**About this exercise**
Search the entries below for the word "assumes" and copy every line where it appears.

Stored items
lemma r_f_lower_bound:
  assumes "f w = 0" and "B \<subseteq> gp_nbhd n k w \<inter> Vset n f 2"
  shows "(real (card B) - 1) / 2 \<le> r_f n k f w"
proof -
  have "finite (gp_nbhd n k w \<inter> Vset n f 2)"
    using finite_gp_verts unfolding gp_nbhd_def by simp
  then have "card B \<le> card (gp_nbhd n k w \<inter> Vset n f 2)"
    using assms(2) by (rule card_mono)
  then show ?thesis
    using assms(1) unfolding r_f_def g_f_def by simp
qed

lemma r_f_two_nbrs:
  assumes "f w = 0" and "a \<noteq> b" and "a \<in> gp_verts n" "b \<in> gp_verts n"
    and "gp_adj n k w a" "gp_adj n k w b" and "f a = 2" "f b = 2"
  shows "1/2 \<le> r_f n k f w"
  using r_f_lower_bound[of f w "{a, b}" n k] assms by (simp add: gp_nbhd_def Vset_def)

lemma r_f_three_nbrs:
  assumes "f w = 0" and "a \<noteq> b" "a \<noteq> c" "b \<noteq> c"
    and "a \<in> gp_verts n" "b \<in> gp_verts n" "c \<in> gp_verts n"
    and "gp_adj n k w a" "gp_adj n k w b" "gp_adj n k w c" and "f a = 2" "f b = 2" "f c = 2"
  shows "1 \<le> r_f n k f w"
  using r_f_lower_bound[of f w "{a, b, c}" n k] assms by (simp add: gp_nbhd_def Vset_def)

lemma r_f_one: "f w = 1 \<Longrightarrow> r_f n k f w = 1/2"
  unfolding r_f_def g_f_def by simp

lemma r_f_nonneg:
  assumes rdf: "is_RDF n k f" and w: "w \<in> gp_verts n"
  shows "0 \<le> r_f n k f w"
proof (cases "f w = 0")
  case True
  then obtain y where "y \<in> gp_verts n" "gp_adj n k w y" "f y = 2"
    using rdf w unfolding is_RDF_def by blast
  then show ?thesis
    using r_f_lower_bound[of f w "{y}" n k] True by (simp add: gp_nbhd_def Vset_def)
qed (use rdf w in \<open>auto simp: is_RDF_def r_f_def g_f_def\<close>)

lemma r_f_set_mono:
  assumes "is_RDF n k f" and "A \<subseteq> B" "B \<subseteq> gp_verts n"
  shows "r_f_set n k f A \<le> r_f_set n k f B"
  unfolding r_f_set_def
  using assms r_f_nonneg finite_subset[OF assms(3) finite_gp_verts]
  by (intro sum_mono2) auto

text \<open>The local configuration of the proof: a minimum RDF with |V_2| minimum, a centre c with
  f(v_c) = 2, and the window around c of total r_f-value at most 1/2. Vertices are addressed
  relative to the centre with an orientation d = 1 or d = -1, so that one argument serves both
  sides.\<close>

locale centred_window =
  fixes n :: nat and f :: "gpv \<Rightarrow> nat" and c :: int
  assumes n_ge_5: "5 \<le> n"
    and minimal: "min_V2_RDF n 2 f"
    and centre_two: "f (vo n c) = 2"
    and window_le: "r_f_set n 2 f (Vprime n (c - 3) 7) \<le> 1/2"
begin

definition V :: "int \<Rightarrow> int \<Rightarrow> gpv" where
  "V d k = vo n (c + d * k)"

definition U :: "int \<Rightarrow> int \<Rightarrow> gpv" where
  "U d k = ui n (c + d * k)"

abbreviation R :: "gpv \<Rightarrow> real" where
  "R \<equiv> r_f n 2 f"

abbreviation W :: "gpv set" where
  "W \<equiv> Vprime n (c - 3) 7"

lemma n_pos: "0 < n"
  using n_ge_5 by simp

lemma rdf: "is_RDF n 2 f"
  using minimal unfolding min_V2_RDF_def by simp

lemma V_vert [simp]: "V d k \<in> gp_verts n" and U_vert [simp]: "U d k \<in> gp_verts n"
  using gp_verts_coords[OF n_pos] by (auto simp: V_def U_def)

lemma V_neq_U [simp]: "V d k \<noteq> U e l" "U e l \<noteq> V d k"
  by (simp_all add: V_def U_def)

lemma V_reflect: "V (- d) k = V d (- k)" and U_reflect: "U (- d) k = U d (- k)"
  by (simp_all add: V_def U_def)

lemma f_centre: "f (V d 0) = 2"
  using centre_two by (simp add: V_def)

lemma orientation_cases: "\<bar>d :: int\<bar> = 1 \<Longrightarrow> d = 1 \<or> d = - 1"
  by linarith

lemma V_eq_iff: "\<bar>d\<bar> = 1 \<Longrightarrow> \<bar>k - l\<bar> \<le> 4 \<Longrightarrow> V d k = V d l \<longleftrightarrow> k = l"
  using n_ge_5 vo_inj[of "c + d * k" "c + d * l" n] by (auto simp: V_def abs_if split: if_splits)

lemma U_eq_iff: "\<bar>d\<bar> = 1 \<Longrightarrow> \<bar>k - l\<bar> \<le> 4 \<Longrightarrow> U d k = U d l \<longleftrightarrow> k = l"
  using n_ge_5 ui_inj[of "c + d * k" "c + d * l" n] by (auto simp: U_def abs_if split: if_splits)

lemma adj_V:
  "\<bar>d\<bar> = 1 \<Longrightarrow> gp_adj n 2 (V d k) y \<longleftrightarrow> y = V d (k + 1) \<or> y = V d (k - 1) \<or> y = U d k"
  using orientation_cases[of d] by (auto simp: V_def U_def adj_vo[OF n_pos] algebra_simps)

lemma adj_U:
  "\<bar>d\<bar> = 1 \<Longrightarrow> gp_adj n 2 (U d k) y \<longleftrightarrow> y = U d (k + 2) \<or> y = U d (k - 2) \<or> y = V d k"
  using orientation_cases[of d] by (auto simp: V_def U_def adj_ui[OF n_pos] algebra_simps)

lemma V_in_window: "\<bar>d\<bar> = 1 \<Longrightarrow> \<bar>k\<bar> \<le> 3 \<Longrightarrow> V d k \<in> W"
  using vo_in_Vprime[of "d * k + 3" 7 n "c - 3"] orientation_cases[of d] by (auto simp: V_def)

lemma U_in_window: "\<bar>d\<bar> = 1 \<Longrightarrow> \<bar>k\<bar> \<le> 3 \<Longrightarrow> U d k \<in> W"
  using ui_in_Vprime[of "d * k + 3" 7 n "c - 3"] orientation_cases[of d] by (auto simp: U_def)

**Response area**
  assumes "f w = 0" and "B \<subseteq> gp_nbhd n k w \<inter> Vset n f 2"
  assumes "f w = 0" and "a \<noteq> b" and "a \<in> gp_verts n" "b \<in> gp_verts n"
  assumes "f w = 0" and "a \<noteq> b" "a \<noteq> c" "b \<noteq> c"
  assumes rdf: "is_RDF n k f" and w: "w \<in> gp_verts n"
  assumes "is_RDF n k f" and "A \<subseteq> B" "B \<subseteq> gp_verts n"
  assumes n_ge_5: "5 \<le> n"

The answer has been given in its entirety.